_WHAT THIS TASK INVOLVES:_
Please state how many lines of the records hold the string "limit", giving nothing but the number.

[Stored data]
· · · · ·

(* Let $h\in C[0,1]$ and $q\in C[0,1]$ with $q>0$ on $(0,1)$. Let $(c_n)_n\subset\mathbb R$ with $c_n\to c\in\mathbb R$, and for each $n$ let $z_n\in C[0,1]\cap C^1(0,1)$ satisfy $\dot z_n(\varphi)=h(\varphi)-c_n-q(\varphi)/z_n(\varphi)$ and $z_n(\varphi)<0$ for $\varphi\in(0,1)$. Suppose either (a) $(z_n)_n$ is pointwise increasing in $n$ and there is $v\in C[0,1]$ with $z_n(\varphi)\le v(\varphi)<0$ for all $n$ and $\varphi\in(0,1)$; or (b) $(z_n)_n$ is pointwise decreasing in $n$ and there is $w\in C[0,1]$ with $z_n(\varphi)\ge w(\varphi)$ for all $n$ and $\varphi\in(0,1)$. Then $z_n$ converges uniformly on $[0,1]$ to some $\bar z\in C[0,1]\cap C^1(0,1)$ satisfying $\dot{\bar z}(\varphi)=h(\varphi)-c-q(\varphi)/\bar z(\varphi)$ and $\bar z(\varphi)<0$ for $\varphi\in(0,1)$. *)

theory Defs
  imports "HOL-Analysis.Analysis"
begin

end

theory Submission
  imports Defs
begin

text \<open>Each \<open>z\<^sub>n\<close> is trapped between two continuous functions and the sequence is monotone, so it
  converges pointwise on \<open>[0,1]\<close> and is uniformly bounded. The equation is singular where
  \<open>z\<^sub>n\<close> vanishes, but \<open>(z\<^sub>n\<^sup>2)' = 2 z\<^sub>n (h - c\<^sub>n) - 2 q\<close> is bounded uniformly in \<open>n\<close>;
  since \<open>z\<^sub>n \<le> 0\<close> we have \<open>|z\<^sub>n x - z\<^sub>n y| \<le> \<surd>|z\<^sub>n x\<^sup>2 - z\<^sub>n y\<^sup>2|\<close>, so the \<open>z\<^sub>n\<close> are uniformly
  Hoelder-\<open>1/2\<close> continuous and the convergence is uniform. On compact subintervals of \<open>(0,1)\<close>
  the limit is bounded away from \<open>0\<close>, so the right-hand sides converge uniformly there as well and
  the limit solves the limiting equation.\<close>

lemma le_on_Icc_if_le_on_Ioo:
  fixes f g :: "real \<Rightarrow> real"
  assumes "a < b" and "continuous_on {a..b} f" and "continuous_on {a..b} g"
    and "\<And>x. x \<in> {a<..<b} \<Longrightarrow> f x \<le> g x" and "x \<in> {a..b}"
  shows "f x \<le> g x"
proof -
  have "continuous_on (closure {a<..<b}) (\<lambda>x. f x - g x)"
    using assms by (simp add: continuous_on_diff)
  then have "f x - g x \<le> 0"
    by (rule continuous_le_on_closure) (use assms in auto)
  then show ?thesis by simp
qed

lemma abs_diff_le_sqrt_abs_diff_squares:
  fixes a b :: real
  assumes "0 \<le> a * b"
  shows "\<bar>a - b\<bar> \<le> sqrt \<bar>a\<^sup>2 - b\<^sup>2\<bar>"
proof (rule real_le_rsqrt)
  have "\<bar>a - b\<bar> \<le> \<bar>a + b\<bar>"
    using assms by (cases "a \<ge> 0"; cases "b \<ge> 0") (auto simp: zero_le_mult_iff)
  then have "\<bar>a - b\<bar> * \<bar>a - b\<bar> \<le> \<bar>a - b\<bar> * \<bar>a + b\<bar>"
    by (intro mult_left_mono) auto
  also have "\<dots> = \<bar>a\<^sup>2 - b\<^sup>2\<bar>"
    by (simp add: abs_mult[symmetric] power2_eq_square algebra_simps)
  finally show "\<bar>a - b\<bar>\<^sup>2 \<le> \<bar>a\<^sup>2 - b\<^sup>2\<bar>"
    by (simp only: power2_eq_square)
qed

· · · · ·

_SOLUTION FOR THIS PROBLEM:_
2